Nel novembre 1995 Sytral avvia l’elaborazione del primo Piano Urbano della Mobilità.
Propedeutico al piano è un documento di orientamento (Sytral 1996) che immagina tre scenari di
sviluppo per i trasporti nell’agglomerazione. Tale documento serve da supporto per la
concertazione con le associazioni e con il pubblico in generale. La prima bozza del vero e proprio
Piano della Mobilità è approvata nel gennaio 1997 ed è sottoposta agli Enti Locali e alla
popolazione per l’inchiesta preliminare alla dichiarazione di pubblica utilità.
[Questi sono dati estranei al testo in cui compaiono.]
(* The optimal value function $J^*$ defined in the context is $L_1$-Lipschitz continuous on $\mathcal X$, with $L_1=\frac{\beta+\bar\rho}{4(1-\gamma\bar a)}\Big(1+\frac{2\gamma}{1-\gamma}\Big)$.
   Context: Patient model: $M$ treatments; $\mathcal U:=\{v\in\{0,1\}^M:\|v\|_0\leq1\}$. Dynamics $f(x,u,d,w)=ax+b^\top u+c^\top d+w$ with adherence $d^i\mid x,u^i\sim\mathrm{Bernoulli}(u^i\sigma(x+\mu_i))$, $\sigma$ the sigmoid; true parameters satisfy $a\in[0,\bar a]$ (known $\bar a\in(0,1)$), $\|b\|_\infty\leq\bar b$, $\|c\|_\infty\leq\bar c$, $\mu\in[-\bar\mu,\bar\mu]^M$. Noise i.i.d., zero-symmetric, $\sigma_s^2$-subgaussian, $|w|\leq\bar w$ ($\bar w>0$), log-concave density, known variance. $C_x:=\frac{\bar b+\bar c+\bar w}{1-\bar a}$, $\mathcal X:=[-C_x,C_x]$. Reward $r(x,u,d)=-\beta\sigma(\beta_0-x)+\sum_i\rho_id_i$ with known $\rho_i\in[0,\bar\rho]$, $\beta\geq0$, $\beta_0\in\mathbb R$; discount $\gamma\in(0,1)$. $J^*$ is the unique bounded fixed point on $\mathcal X$ of $\mathcal TJ(x)=\max_{u\in\mathcal U}\mathbf E[r(x,u,d)+\gamma J(f(x,u,d,w))]$, expectation over $d$ and $w$ under the true parameters (the optimal infinite-horizon discounted value function). *)

theory Defs
  imports "HOL-Probability.Probability"
begin

definition sigmoid :: "real \<Rightarrow> real" where
  "sigmoid t = 1 / (1 + exp (- t))"

text \<open>Action set U = {v in {0,1}^M : ||v||_0 <= 1}; vectors in R^M are functions
  nat => real supported on {..<M}.\<close>
definition actions :: "nat \<Rightarrow> (nat \<Rightarrow> real) set" where
  "actions M = {u. (\<forall>i<M. u i \<in> {0, 1}) \<and> (\<forall>i. M \<le> i \<longrightarrow> u i = 0)
                  \<and> card {i. i < M \<and> u i \<noteq> 0} \<le> 1}"

text \<open>Distribution of the adherence vector d given x and u: components independent,
  d_i ~ Bernoulli(u_i * sigmoid(x + mu_i)); d_i = True encodes d_i = 1.\<close>
definition adherence :: "nat \<Rightarrow> (nat \<Rightarrow> real) \<Rightarrow> real \<Rightarrow> (nat \<Rightarrow> real) \<Rightarrow> (nat \<Rightarrow> bool) pmf" where
  "adherence M \<mu> x u = Pi_pmf {..<M} False (\<lambda>i. bernoulli_pmf (u i * sigmoid (x + \<mu> i)))"

definition dyn :: "nat \<Rightarrow> real \<Rightarrow> (nat \<Rightarrow> real) \<Rightarrow> (nat \<Rightarrow> real) \<Rightarrow> real \<Rightarrow> (nat \<Rightarrow> real)
                   \<Rightarrow> (nat \<Rightarrow> bool) \<Rightarrow> real \<Rightarrow> real" where
  "dyn M a b c x u d w = a * x + (\<Sum>i<M. b i * u i) + (\<Sum>i<M. c i * of_bool (d i)) + w"

definition reward :: "nat \<Rightarrow> real \<Rightarrow> real \<Rightarrow> (nat \<Rightarrow> real) \<Rightarrow> real \<Rightarrow> (nat \<Rightarrow> bool) \<Rightarrow> real" where
  "reward M \<beta> \<beta>0 \<rho> x d = - \<beta> * sigmoid (\<beta>0 - x) + (\<Sum>i<M. \<rho> i * of_bool (d i))"

text \<open>Bellman operator; the noise w has Lebesgue density g, so E_w[h(w)] = LINT w. g w * h w.\<close>
definition bellman ::
  "nat \<Rightarrow> real \<Rightarrow> (nat \<Rightarrow> real) \<Rightarrow> (nat \<Rightarrow> real) \<Rightarrow> (nat \<Rightarrow> real) \<Rightarrow> (real \<Rightarrow> real)
   \<Rightarrow> real \<Rightarrow> real \<Rightarrow> (nat \<Rightarrow> real) \<Rightarrow> real \<Rightarrow> (real \<Rightarrow> real) \<Rightarrow> real \<Rightarrow> real" where
  "bellman M a b c \<mu> g \<beta> \<beta>0 \<rho> \<gamma> J x =
     Max ((\<lambda>u. measure_pmf.expectation (adherence M \<mu> x u)
                 (\<lambda>d. reward M \<beta> \<beta>0 \<rho> x d
                      + \<gamma> * (LINT w|lborel. g w * J (dyn M a b c x u d w)))) ` actions M)"

definition log_concave :: "(real \<Rightarrow> real) \<Rightarrow> bool" where
  "log_concave g \<longleftrightarrow> (\<forall>x y t. 0 \<le> t \<longrightarrow> t \<le> 1 \<longrightarrow>
       g x powr t * g y powr (1 - t) \<le> g (t * x + (1 - t) * y))"

end

theory Submission
  imports Defs
begin

(* Let B be the supremum of |J| on X = [-C_x, C_x]; the fixed-point equation gives
   B <= beta + rho_bar + gamma B. For an action that may activate treatment i, the Q-value at x is
   the reward -beta sigma(beta0 - x) + p(x) rho_i plus gamma times the mixture, with weight
   p(x) = u_i sigma(x + mu_i), of the noise averages of J at a x + b_i u_i + c_i and a x + b_i u_i,
   and X is invariant under the dynamics. As sigma is 1/4-Lipschitz, replacing x by y changes the
   reward by at most (beta + rho_bar)|x - y|/4, the weight by at most |x - y|/4 (which costs
   gamma |x - y|/4 * 2B <= gamma |x - y| (beta + rho_bar)/(2(1 - gamma))), and the arguments of J
   by a|x - y|. Hence if |J x - J y| <= L_1 |x - y| + E on X, the same holds with slack gamma E,
   because L_1 solves L = (beta + rho_bar)/4 + gamma abar L + gamma (beta + rho_bar)/(2(1 - gamma)).
   Starting from E = 2B and iterating gives the claim. *)

lemma sigmoid_pos: "0 < sigmoid t"
  by (simp add: sigmoid_def add_pos_pos)

lemma sigmoid_less_1: "sigmoid t < 1"
  unfolding sigmoid_def by (simp add: add_pos_pos)

lemma has_real_derivative_sigmoid:
  "(sigmoid has_real_derivative sigmoid t * (1 - sigmoid t)) (at t)"
proof -
  have "1 + exp (- t) \<noteq> 0"
    using exp_gt_zero[of "- t"] by linarith
  then have "((\<lambda>t. 1 / (1 + exp (- t))) has_real_derivative exp (- t) / (1 + exp (- t))\<^sup>2) (at t)"
    by (auto intro!: derivative_eq_intros simp: power2_eq_square)
  moreover have "exp (- t) / (1 + exp (- t))\<^sup>2 = sigmoid t * (1 - sigmoid t)"
    using \<open>1 + exp (- t) \<noteq> 0\<close> by (simp add: sigmoid_def field_simps power2_eq_square)
  ultimately show ?thesis
    by (simp add: sigmoid_def[abs_def])
qed
(* Let $R$ be an order in a quadratic number field. Then $R$ is super-multiplicative: for every pair of non-zero ideals $I,J$ of $R$ one has $N(IJ)\geq N(I)N(J)$.
   Context: An order in a number field $K$ is a subring of $K$ with fraction field $K$ whose additive group is finitely generated; a quadratic number field is a number field of degree $2$ over $\mathbb{Q}$. For a non-zero ideal $I$ of $R$, $N(I)=[R:I]$ is its index as an additive subgroup. A ring is super-multiplicative if for all ideals $I,J$ with $[R:IJ]$ finite one has $N(IJ)\geq N(I)N(J)$. *)

theory Defs
  imports Complex_Main
begin

text \<open>Every number field embeds into the complex numbers, so we model a quadratic
number field as a subfield K of the complex numbers of degree 2 over the rationals,
i.e. with Q-basis 1, w for some w in K not rational.\<close>

definition quadratic_field :: "complex set \<Rightarrow> bool" where
  "quadratic_field K \<longleftrightarrow>
     0 \<in> K \<and> 1 \<in> K \<and>
     (\<forall>x\<in>K. \<forall>y\<in>K. x + y \<in> K \<and> x * y \<in> K) \<and>
     (\<forall>x\<in>K. - x \<in> K) \<and>
     (\<forall>x\<in>K. x \<noteq> 0 \<longrightarrow> inverse x \<in> K) \<and>
     (\<exists>w\<in>K. w \<notin> \<rat> \<and> K = {of_rat a + of_rat b * w | a b. True})"

definition is_order :: "complex set \<Rightarrow> complex set \<Rightarrow> bool" where
  "is_order K R \<longleftrightarrow>
     R \<subseteq> K \<and> 0 \<in> R \<and> 1 \<in> R \<and>
     (\<forall>x\<in>R. \<forall>y\<in>R. x + y \<in> R \<and> x * y \<in> R) \<and>
     (\<forall>x\<in>R. - x \<in> R) \<and>
     (\<forall>x\<in>K. \<exists>a\<in>R. \<exists>b\<in>R. b \<noteq> 0 \<and> x = a / b) \<and>
     (\<exists>S. finite S \<and> S \<subseteq> R \<and>
          R = {(\<Sum>s\<in>S. of_int (c s) * s) | c. True})"

definition ring_ideal :: "complex set \<Rightarrow> complex set \<Rightarrow> bool" where
  "ring_ideal R I \<longleftrightarrow>
     I \<subseteq> R \<and> 0 \<in> I \<and>
     (\<forall>x\<in>I. \<forall>y\<in>I. x + y \<in> I) \<and>
     (\<forall>r\<in>R. \<forall>x\<in>I. r * x \<in> I)"

definition ideal_mult :: "complex set \<Rightarrow> complex set \<Rightarrow> complex set" where
  "ideal_mult I J =
     {(\<Sum>k<(n::nat). x k * y k) | n x y. \<forall>k<n. x k \<in> I \<and> y k \<in> J}"

definition ideal_norm :: "complex set \<Rightarrow> complex set \<Rightarrow> nat" where
  "ideal_norm R I = card ((\<lambda>x. (\<lambda>i. x + i) ` I) ` R)"

end

(*
  Every order R in a quadratic field is Z[w] = Z + Z w for some irrational w with
  w^2 + p w + q = 0: with respect to a Q-basis 1, w0 of the field the elements of R
  have bounded denominators, the rational elements of R are integers (their powers
  have bounded denominators too), and the w0-coordinates of R form a cyclic group.

  In Z[w] every nonzero ideal has a Hermite basis c alpha, c (beta + w) with alpha
  dividing the norm of beta + w, and its index is the determinant c^2 alpha of that
  basis. If I and J have such bases, IJ lies in the additive group generated by the
  four products of basis elements, and a direct computation shows that N(I) N(J)
  divides all 2x2 determinants of the coordinate vectors of these products, hence
  of any two elements of IJ. Applied to a Hermite basis of IJ this gives
  N(I) N(J) | N(IJ).
*)

theory Submission
  imports Defs "HOL-Computational_Algebra.Group_Closure"
begin

section \<open>Additive subgroups and products of ideals\<close>

definition add_subgroup :: "'a::ab_group_add set \<Rightarrow> bool" where
  "add_subgroup L \<longleftrightarrow> 0 \<in> L \<and> (\<forall>x\<in>L. \<forall>y\<in>L. x - y \<in> L)"
(* Let $\omega=(\tilde\omega,\omega_d)\in\mathbb R^d$, $d\geq3$, be non-resonant with $\tilde\omega\in\mathbb R^{d-1}$ such that there is a sequence $\{\bar k_j\}\subset\mathbb Z^{d-1}$ with $\lim_{j\to\infty}\frac{\ln|\langle\tilde\omega,\bar k_j\rangle|}{\|\bar k_j\|}=-\infty$. There exists a real entire Hamiltonian $H$ on $\mathbb{T}^d\times\mathbb R^d$ of the form $H(\theta,r)=\langle\omega,r\rangle+\mathcal O(r^2)$ such that for every $(\theta,r)\in\mathbb{T}^d\times\mathbb R^d$ with $r_d\neq0$, $\limsup_{t\to\infty}|\Phi^t_H(\theta,r)|=\infty$. The Birkhoff normal form of $H$ at $\mathcal{T}_0=\mathbb{T}^d\times\{0\}$ is $N(r)=\langle\omega,r\rangle$.
   Context: $\|k\|=\max_m|k_m|$; non-resonant means rationally independent coordinates. Real entire: extends holomorphically to $(\mathbb C/\mathbb Z)^d\times\mathbb C^d$, real on real arguments. $\Phi^t_H$ is the Hamiltonian flow for $d\theta\wedge dr$. Birkhoff normal form: formal power series $N_H(r)$ such that some formal series $f(\theta,r)=\sum_j a_j(\theta)r^j=\mathcal O(r^2)$ with coefficients real analytic near $\mathbb{T}^d$ satisfies $H(\theta,r+\partial_\theta f(\theta,r))=N_H(r)$. *)

theory Defs
  imports "HOL-Analysis.Analysis"
begin

definition cvec :: "real^'n \<Rightarrow> complex^'n" where
  "cvec x = (\<chi> i. complex_of_real (x $ i))"

definition cmul :: "complex \<Rightarrow> complex^'n \<Rightarrow> complex^'n" where
  "cmul c z = (\<chi> i. c * z $ i)"

definition holo_on_vec :: "(complex^'n \<Rightarrow> complex) \<Rightarrow> (complex^'n) set \<Rightarrow> bool" where
  "holo_on_vec F U \<longleftrightarrow> (\<forall>z\<in>U. \<exists>L. (F has_derivative L) (at z) \<and>
      (\<forall>c v. L (cmul c v) = c * L v))"

definition entire2 :: "(complex^'n \<Rightarrow> complex^'n \<Rightarrow> complex) \<Rightarrow> bool" where
  "entire2 F \<longleftrightarrow> (\<forall>p. \<exists>L. ((\<lambda>q. F (fst q) (snd q)) has_derivative L) (at p) \<and>
      (\<forall>c v w. L (cmul c v, cmul c w) = c * L (v, w)))"

definition nonresonant :: "real^'n \<Rightarrow> bool" where
  "nonresonant \<omega> \<longleftrightarrow> (\<forall>k::int^'n. (\<Sum>i\<in>UNIV. of_int (k $ i) * \<omega> $ i) = 0 \<longrightarrow> k = 0)"

definition supnorm_int :: "int^'n \<Rightarrow> int" where
  "supnorm_int k = Max ((\<lambda>m. \<bar>k $ m\<bar>) ` UNIV)"

definition periodic_theta :: "(real^'n \<Rightarrow> 'a) \<Rightarrow> bool" where
  "periodic_theta g \<longleftrightarrow> (\<forall>\<theta> i. g (\<theta> + axis i 1) = g \<theta>)"

definition real_entire_ham :: "(real^'n \<Rightarrow> real^'n \<Rightarrow> real) \<Rightarrow> bool" where
  "real_entire_ham H \<longleftrightarrow> (\<forall>r. periodic_theta (\<lambda>\<theta>. H \<theta> r)) \<and>
     (\<exists>F. entire2 F \<and> (\<forall>z w i. F (z + axis i 1) w = F z w) \<and>
          (\<forall>\<theta> r. F (cvec \<theta>) (cvec r) = complex_of_real (H \<theta> r)))"

definition real_analytic_vec :: "(real^'n \<Rightarrow> real) \<Rightarrow> bool" where
  "real_analytic_vec g \<longleftrightarrow> (\<exists>U G. open U \<and> (\<forall>\<theta>. cvec \<theta> \<in> U) \<and> holo_on_vec G U \<and>
      (\<forall>\<theta>. G (cvec \<theta>) = complex_of_real (g \<theta>)))"

definition grad :: "(real^'n \<Rightarrow> real) \<Rightarrow> real^'n \<Rightarrow> real^'n" where
  "grad g x = (\<chi> i. deriv (\<lambda>s. g (x + s *\<^sub>R axis i 1)) 0)"

definition grad_r :: "(real^'n \<Rightarrow> real^'n \<Rightarrow> real) \<Rightarrow> real^'n \<Rightarrow> real^'n \<Rightarrow> real^'n" where
  "grad_r H \<theta> r = grad (\<lambda>r'. H \<theta> r') r"

definition grad_theta :: "(real^'n \<Rightarrow> real^'n \<Rightarrow> real) \<Rightarrow> real^'n \<Rightarrow> real^'n \<Rightarrow> real^'n" where
  "grad_theta H \<theta> r = grad (\<lambda>\<theta>'. H \<theta>' r) \<theta>"

(* forward Hamiltonian trajectory for d theta /\ d r:
   theta' = dH/dr,  r' = - dH/dtheta *)
definition ham_traj :: "(real^'n \<Rightarrow> real^'n \<Rightarrow> real) \<Rightarrow> (real^'n) \<times> (real^'n)
    \<Rightarrow> (real \<Rightarrow> (real^'n) \<times> (real^'n)) \<Rightarrow> bool" where
  "ham_traj H p x \<longleftrightarrow> x 0 = p \<and>
     (\<forall>t\<ge>0. (x has_vector_derivative
        (grad_r H (fst (x t)) (snd (x t)), - grad_theta H (fst (x t)) (snd (x t))))
        (at t within {0..}))"

definition monom :: "('n::finite \<Rightarrow> nat) \<Rightarrow> real^'n \<Rightarrow> real" where
  "monom \<alpha> r = (\<Prod>i\<in>UNIV. (r $ i) ^ \<alpha> i)"

definition mdeg :: "('n::finite \<Rightarrow> nat) \<Rightarrow> nat" where
  "mdeg \<alpha> = (\<Sum>i\<in>UNIV. \<alpha> i)"

definition dtheta_trunc :: "(('n::finite \<Rightarrow> nat) \<Rightarrow> real^'n \<Rightarrow> real) \<Rightarrow> nat
    \<Rightarrow> real^'n \<Rightarrow> real^'n \<Rightarrow> real^'n" where
  "dtheta_trunc a n \<theta> r = (\<Sum>\<alpha>\<in>{\<alpha>. mdeg \<alpha> \<le> n}. monom \<alpha> r *\<^sub>R grad (a \<alpha>) \<theta>)"

(* N is the Birkhoff normal form of H at T^d x {0}: there is a formal series
   f = \<Sum> a_\<alpha>(theta) r^\<alpha> = O(r^2), coefficients real analytic and periodic,
   with H(theta, r + d_theta f(theta,r)) = N(r) as formal power series in r,
   expressed via truncations: agreement up to order n for every n. *)
definition is_BNF :: "(real^'n \<Rightarrow> real^'n \<Rightarrow> real) \<Rightarrow> (real^'n \<Rightarrow> real) \<Rightarrow> bool" where
  "is_BNF H N \<longleftrightarrow> (\<exists>a :: ('n \<Rightarrow> nat) \<Rightarrow> real^'n \<Rightarrow> real.
     (\<forall>\<alpha>. real_analytic_vec (a \<alpha>) \<and> periodic_theta (a \<alpha>)) \<and>
     (\<forall>\<alpha>. mdeg \<alpha> \<le> 1 \<longrightarrow> a \<alpha> = (\<lambda>_. 0)) \<and>
     (\<forall>n \<theta>. \<exists>C \<delta>. \<delta> > 0 \<and> (\<forall>r. norm r < \<delta> \<longrightarrow>
        \<bar>H \<theta> (r + dtheta_trunc a n \<theta> r) - N r\<bar> \<le> C * norm r ^ (n + 1))))"

end

theory Submission
  imports Defs
begin

(* The Hamiltonian is
     H(theta, r) = <omega, r> + sum_j c_j r_l^(j+2) sin (2 pi <k_j, theta>),
   where the k_j form a sparse subsequence of kbar, so k_j $ l = 0, and c_j = |<k_j, omega>|^(1/2).
   Each c_j is taken so small compared with |k_j| and with c_(j-1) that the series is entire.
   As H does not depend on theta_l, the action r_l = s is conserved, the other angles rotate
   linearly, and every phase <k_j, theta> rotates with the tiny frequency lambda_j = <k_j, omega>.
   The flow is therefore explicit:
     r_i(t) = r_i(0) - sum_j c_j s^(j+2) k_(j,i) (sin (phi_j + 2 pi lambda_j t) - sin phi_j) / lambda_j.
   For a suitable t <= T + 1/|lambda_m| the m-th term has size about |s|^(m+2) |k_m| / c_m, which
   beats the earlier terms (of order c_(m-1)^(-2)) and the later ones (small on this time scale),
   so the actions are unbounded as soon as s <> 0.  Formally, on the other hand, the j-th term of
   H is removed by the generating function c_j / (2 pi lambda_j) cos (2 pi <k_j, theta>) r_l^(j+2),
   whose theta-gradient has no l-component; hence the Birkhoff normal form is <omega, r>. *)

definition int_inner :: "int^'n \<Rightarrow> 'a::comm_ring_1^'n \<Rightarrow> 'a" where
  "int_inner \<kappa> x = (\<Sum>i\<in>UNIV. of_int (\<kappa> $ i) * x $ i)"

definition sup_norm :: "int^'n \<Rightarrow> real" where
  "sup_norm \<kappa> = real_of_int (supnorm_int \<kappa>)"

lemma abs_le_sup_norm: "real_of_int \<bar>\<kappa> $ i\<bar> \<le> sup_norm \<kappa>"
proof -
  have "\<bar>\<kappa> $ i\<bar> \<le> Max ((\<lambda>m. \<bar>\<kappa> $ m\<bar>) ` UNIV)" by (rule Max_ge) auto
  then show ?thesis unfolding sup_norm_def supnorm_int_def by linarith
qed

lemma sup_norm_nonneg: "0 \<le> sup_norm \<kappa>"
  using abs_le_sup_norm[of \<kappa> undefined] by linarith

lemma sup_norm_attained: "\<exists>i. real_of_int \<bar>\<kappa> $ i\<bar> = sup_norm \<kappa>"
proof -
  have "Max ((\<lambda>m. \<bar>\<kappa> $ m\<bar>) ` UNIV) \<in> (\<lambda>m. \<bar>\<kappa> $ m\<bar>) ` UNIV" by (rule Max_in) auto
  then obtain i where "Max ((\<lambda>m. \<bar>\<kappa> $ m\<bar>) ` UNIV) = \<bar>\<kappa> $ i\<bar>" by (auto simp del: Max_in)
  then show ?thesis unfolding sup_norm_def supnorm_int_def by (intro exI[of _ i]) simp
qed

lemma int_inner_add_axis: "int_inner \<kappa> (x + axis i a) = int_inner \<kappa> x + of_int (\<kappa> $ i) * a"
proof -
  have "(\<Sum>m\<in>UNIV. of_int (\<kappa> $ m) * axis i a $ m) = of_int (\<kappa> $ i) * a"
    by (simp add: axis_def if_distrib sum.delta cong: if_cong)
  then show ?thesis unfolding int_inner_def by (simp add: distrib_left sum.distrib)
qed

lemma int_inner_cmul: "int_inner \<kappa> (cmul a z) = a * int_inner \<kappa> z"
  unfolding int_inner_def cmul_def by (simp add: sum_distrib_left algebra_simps)

lemma cvec_nth [simp]: "cvec x $ i = of_real (x $ i)"
  unfolding cvec_def by simp

lemma cmul_nth: "cmul a z $ i = a * z $ i"
  unfolding cmul_def by simp

lemma int_inner_cvec: "int_inner \<kappa> (cvec x) = of_real (int_inner \<kappa> x)"
  unfolding int_inner_def by simp

lemma bounded_linear_int_inner: "bounded_linear (int_inner \<kappa> :: complex^'n \<Rightarrow> complex)"
  unfolding int_inner_def
  by (intro bounded_linear_sum bounded_linear_compose[OF bounded_linear_mult_right bounded_linear_vec_nth])

lemma norm_int_inner_le: "norm (int_inner \<kappa> z) \<le> real CARD('n) * sup_norm \<kappa> * norm (z :: complex^'n)"
proof -
  have "norm (of_int (\<kappa> $ i) * z $ i) \<le> sup_norm \<kappa> * norm z" for i
    unfolding norm_mult norm_of_int using abs_le_sup_norm[of \<kappa> i] sup_norm_nonneg[of \<kappa>]
    by (intro mult_mono Finite_Cartesian_Product.norm_nth_le) auto
  then have "norm (int_inner \<kappa> z) \<le> (\<Sum>i\<in>(UNIV::'n set). sup_norm \<kappa> * norm z)"
    unfolding int_inner_def by (intro order_trans[OF norm_sum] sum_mono)
  then show ?thesis by simp
qed

lemma int_inner_eq_off_coord:
  fixes x y v :: "real^'n"
  assumes "\<kappa> $ l = 0" and "\<And>m. m \<noteq> l \<Longrightarrow> x $ m = y $ m + v $ m * t"
  shows "int_inner \<kappa> x = int_inner \<kappa> y + int_inner \<kappa> v * t"
proof -
  have "of_int (\<kappa> $ m) * x $ m = of_int (\<kappa> $ m) * y $ m + of_int (\<kappa> $ m) * v $ m * t" for m
    using assms by (cases "m = l") (simp_all add: algebra_simps)
  then show ?thesis unfolding int_inner_def by (simp add: sum.distrib sum_distrib_right)
qed

lemma norm_fst_le_norm: "norm (fst q) \<le> norm q"
  using norm_fst_le[of "fst q" "snd q"] by simp

lemma norm_snd_le_norm: "norm (snd q) \<le> norm q"
  using norm_snd_le[of "snd q" "fst q"] by simp

lemma norm_sin_le_exp: "norm (sin z) \<le> exp (norm z)" for z :: complex
proof -
  have "norm (exp (\<i> * z)) \<le> exp (norm z)" "norm (exp (-(\<i> * z))) \<le> exp (norm z)"
    using abs_Im_le_cmod[of z] by simp_all
  then have "norm (exp (\<i> * z) - exp (-(\<i> * z))) \<le> 2 * exp (norm z)"
    using norm_triangle_ineq4[of "exp (\<i> * z)" "exp (-(\<i> * z))"] by linarith
  then show ?thesis by (simp add: sin_exp_eq norm_divide norm_mult)
qed

lemma abs_sin_diff_le: "\<bar>sin x - sin y\<bar> \<le> \<bar>x - y\<bar>" for x y :: real
proof -
  have "\<bar>sin x - sin y\<bar> = 2 * \<bar>sin ((x - y) / 2)\<bar> * \<bar>cos ((x + y) / 2)\<bar>"
    by (simp add: sin_diff_sin abs_mult)
  also have "\<dots> \<le> 2 * \<bar>(x - y) / 2\<bar> * 1"
    by (intro mult_mono abs_sin_x_le_abs_x) auto
  finally show ?thesis by simp
qed

lemma abs_cos_diff_le: "\<bar>cos x - cos y\<bar> \<le> \<bar>x - y\<bar>" for x y :: real
proof -
  have "\<bar>cos x - cos y\<bar> = 2 * \<bar>sin ((x + y) / 2)\<bar> * \<bar>sin ((y - x) / 2)\<bar>"
    by (simp add: cos_diff_cos abs_mult)
  also have "\<dots> \<le> 2 * 1 * \<bar>(y - x) / 2\<bar>"
    by (intro mult_mono abs_sin_x_le_abs_x) auto
  finally show ?thesis by simp
qed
Il Piano viene
definitivamente adottato nell’ottobre 1997. Nel 1997, parzialmente in sovrapposizione con il
procedimento di approvazione del Piano per accelerare i tempi, comincia l’attività di progettazione
delle prime due linee tranviarie da realizzare. L’inchiesta pubblica del progetto tranviario si svolge
nei primi mesi del 1998 e si conclude ad aprile dello stesso anno. Ottenuta la dichiarazione di
pubblica utilità e l’approvazione del progetto, si passa alla progettazione esecutiva e all’avvio dei
cantieri. Le due nuove linee di tram, per una lunghezza complessiva di 18 km, entrano in servizio
nel dicembre 2000, vale a dire cinque anni dopo l’avvio dei lavori del Piano della Mobilità.
Figura 2. Il tram di Lione
Tale risultato indica di per sé la presenza di razionalità procedurale, ovvero la capacità di
individuare, di fronte a situazioni complesse, procedure efficaci per la decisione. Per quanto
riguarda invece la razionalità sostanziale, orientata allo scopo, ovvero la capacità di scegliere i
mezzi appropriati per raggiungere determinati fini, cosa si può affermare? Di fronte a interventi a
medio-lungo termine una valutazione d’efficacia si può svolgere solo dopo un congruo numero di
anni. Qualche indicazione in tal senso ci viene data dalle inchieste campionarie sugli spostamenti
delle famiglie effettuate con una cadenza pressoché decennale: l’indagine effettuata nel 2006
rivela che gli obiettivi di riequilibrio modale fissati nel Piano non solo sono stati raggiunti, ma anche
superati. Considerando i soli modi di trasporto meccanizzati, il trasporto pubblico ha guadagnato
quasi 5 punti percentuali, a scapito dell’automobile. In verità il buon risultato non è ascrivibile
solamente alla reintroduzione del tram, ma anche a una serie di misure coerenti, anch’esse
previste dal Piano, e messe in atto dall’agglomerazione: limitazione della sosta, riqualificazione
dello spazio stradale a scapito delle automobili, sviluppo dei modi “dolci”.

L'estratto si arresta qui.